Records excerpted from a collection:
◇ ◇ ◇

lemma convex_sublevel_set_derivative_le:
  fixes H :: "'a::real_normed_vector \<Rightarrow> real"
  assumes cvx: "convex {x. H x \<le> 0}" and "H p = 0" and dH: "(H has_derivative D) (at p)"
    and "H v \<le> 0"
  shows "D v \<le> D p"
proof (rule ccontr)
  assume "\<not> D v \<le> D p"
  moreover have lin: "linear D" using dH has_derivative_linear by blast
  ultimately have pos: "D (v - p) > 0" by (simp add: linear_diff)
  have "((\<lambda>s. H (p + s *\<^sub>R (v - p))) has_derivative (\<lambda>s. D (s *\<^sub>R (v - p)))) (at 0)"
    by (rule has_derivative_compose[where f="\<lambda>s. p + s *\<^sub>R (v - p)"])
       (auto intro!: derivative_eq_intros simp: dH)
  then have "((\<lambda>s. H (p + s *\<^sub>R (v - p))) has_real_derivative D (v - p)) (at 0)"
    using lin by (simp add: has_field_derivative_def linear_scale mult_commute_abs)
  from DERIV_pos_inc_right[OF this pos] obtain d where "d > 0"
    and inc: "\<And>h. 0 < h \<Longrightarrow> h < d \<Longrightarrow> H p < H (p + h *\<^sub>R (v - p))" by auto
  define h where "h = min (d/2) 1"
  have h: "0 < h" "h < d" "h \<le> 1" using \<open>d > 0\<close> by (auto simp: h_def)
  have "p + h *\<^sub>R (v - p) = (1 - h) *\<^sub>R p + h *\<^sub>R v" by (simp add: algebra_simps)
  also have "\<dots> \<in> {x. H x \<le> 0}" using cvx assms h by (intro convexD) auto
  finally show False using inc[OF h(1,2)] \<open>H p = 0\<close> by simp
qed

definition radial_extent :: "'a::real_normed_vector set \<Rightarrow> 'a \<Rightarrow> real" where
  "radial_extent A x = Sup {s. 0 \<le> s \<and> s *\<^sub>R x \<in> A}"

lemma bdd_above_radial_set:
  fixes A :: "'a::real_normed_vector set"
  assumes "bounded A" and "x \<noteq> 0"
  shows "bdd_above {s. 0 \<le> s \<and> s *\<^sub>R x \<in> A}"
proof -
  obtain B where B: "\<And>y. y \<in> A \<Longrightarrow> norm y \<le> B" using assms(1) bounded_iff by blast
  have "s \<le> B / norm x" if "0 \<le> s" "s *\<^sub>R x \<in> A" for s
    using B[OF that(2)] that(1) assms(2) by (simp add: field_simps)
  then show ?thesis by (intro bdd_aboveI) blast
qed
(* Consider the sampling phase of the algorithm SampLayer on an undirected graph $G$, with layers $L_0, L_1, L_2, L_{\geq 2}$, reachability scores $rs(\cdot)$ and baseline reachability $rs_0$ as in the context, after preprocessing has been completed (so $L_0$, $L_1$ and an estimate of $|L_{\geq 2}|$ are known, and uniformly random edges between $L_0$ and $L_1$ can be sampled without queries). Assume: (i) every $v \in L_2$ satisfies $rs_0 \le rs(v) \le c\cdot rs_0$ for some $c > 1$; (ii) $\alpha$ is the fraction of edges $e$ between $L_0$ and $L_1$ whose $L_1$-endpoint has at least one neighbor in $L_2$; (iii) $w = \mathbb{E}[|C(v)|]$, where $v \in L_{\geq 2}$ is distributed as the output of a single run of the procedure Reach and $C(v)$ is the component of $G_{\geq 2}$ containing $v$; (iv) for every component $C$ of $G_{\geq 2}$, the number of edges between $C$ and the rest of $G$ is at most $d\cdot|C|$ for an integer $d$. Then the expected number of queries made by SampLayer to sample a single node is $O\!\left(c\left(\frac{1}{\alpha} + w d\right)\right)$.
   Context: The graph is undirected and accessed via node queries: querying a node reveals its neighbors. Layers: $L_0 \subseteq V$ is a set of already-queried nodes computed in preprocessing; $L_1 = \bigcup_{v\in L_0} N(v)\setminus L_0$; $L_2$ is the set of nodes at distance exactly $2$ from $L_0$; $L_{\geq 2} = V\setminus(L_0\cup L_1)$. $G_{\geq 2}$ is the graph on $L_{\geq 2}$ containing the edges of $G$ between $L_2$ and $L_{\geq 2}\setminus L_2$ and those with both endpoints in $L_{\geq 2}\setminus L_2$. Let $d^+(L_0)$ be the number of edges between $L_0$ and $L_1$. A reaching attempt: pick a uniformly random edge between $L_0$ and $L_1$ (no query), let $u$ be its $L_1$-endpoint, query $u$; if $u$ has no neighbor in $L_2$ the attempt fails; otherwise pick a random neighbor $v\in L_2$ of $u$, explore the component $C(v)$ of $G_{\geq 2}$ by BFS (querying its nodes), pick a uniformly random $w\in C(v)$ and compute its reachability score. The reachability score $rs(v)$ of $v\in L_{\geq 2}$ is the value such that a single attempt outputs $v$ with probability $rs(v)/d^+(L_0)$. Reach repeats attempts until one succeeds and returns the output node. Sampling phase (SampLayer's Sample): with $\bar n = |L_0|+|L_1|+\bar\ell_{\geq 2}$ ($\bar\ell_{\geq 2}$ the estimate of $|L_{\geq 2}|$), output a uniform node of $L_0$ with probability $|L_0|/\bar n$, a uniform node of $L_1$ with probability $|L_1|/\bar n$ (both without queries), and otherwise repeatedly call Reach to obtain $w$ and accept it with probability $\min(1, rs_0/rs(w))$ until a node is accepted. *)

theory Defs
  imports "HOL-Probability.Probability"
begin

(* Undirected graph: vertex set V :: nat set, symmetric edge relation E :: (nat \<times> nat) set. *)

definition nbrs :: "(nat \<times> nat) set \<Rightarrow> nat \<Rightarrow> nat set" where
  "nbrs E v = {u. (v, u) \<in> E}"

definition layer1 :: "(nat \<times> nat) set \<Rightarrow> nat set \<Rightarrow> nat set" where
  "layer1 E L0 = (\<Union>v\<in>L0. nbrs E v) - L0"

definition layer2 :: "(nat \<times> nat) set \<Rightarrow> nat set \<Rightarrow> nat set" where
  "layer2 E L0 = (\<Union>u\<in>layer1 E L0. nbrs E u) - L0 - layer1 E L0"

definition layer_ge2 :: "nat set \<Rightarrow> (nat \<times> nat) set \<Rightarrow> nat set \<Rightarrow> nat set" where
  "layer_ge2 V E L0 = V - L0 - layer1 E L0"

definition edges_ge2 :: "nat set \<Rightarrow> (nat \<times> nat) set \<Rightarrow> nat set \<Rightarrow> (nat \<times> nat) set" where
  "edges_ge2 V E L0 = {(x, y) \<in> E. x \<in> layer_ge2 V E L0 \<and> y \<in> layer_ge2 V E L0
       \<and> \<not> (x \<in> layer2 E L0 \<and> y \<in> layer2 E L0)}"

definition comp_ge2 :: "nat set \<Rightarrow> (nat \<times> nat) set \<Rightarrow> nat set \<Rightarrow> nat \<Rightarrow> nat set" where
  "comp_ge2 V E L0 v = {y. (v, y) \<in> (edges_ge2 V E L0)\<^sup>*}"

definition components_ge2 :: "nat set \<Rightarrow> (nat \<times> nat) set \<Rightarrow> nat set \<Rightarrow> nat set set" where
  "components_ge2 V E L0 = comp_ge2 V E L0 ` layer_ge2 V E L0"

(* edges between L0 and L1, as (L0-endpoint, L1-endpoint) pairs; d^+(L0) is its cardinality *)
definition edges01 :: "(nat \<times> nat) set \<Rightarrow> nat set \<Rightarrow> (nat \<times> nat) set" where
  "edges01 E L0 = {(x, u). x \<in> L0 \<and> u \<in> layer1 E L0 \<and> (x, u) \<in> E}"

definition dplus :: "(nat \<times> nat) set \<Rightarrow> nat set \<Rightarrow> nat" where
  "dplus E L0 = card (edges01 E L0)"

definition alpha :: "(nat \<times> nat) set \<Rightarrow> nat set \<Rightarrow> real" where
  "alpha E L0 = real (card {(x, u) \<in> edges01 E L0. nbrs E u \<inter> layer2 E L0 \<noteq> {}})
                / real (card (edges01 E L0))"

◇ ◇ ◇

#### WORK REQUIRED:
Each line of the data that holds "fixes" should be copied.

#### RESPONSE AREA:
  fixes H :: "'a::real_normed_vector \<Rightarrow> real"
  fixes A :: "'a::real_normed_vector set"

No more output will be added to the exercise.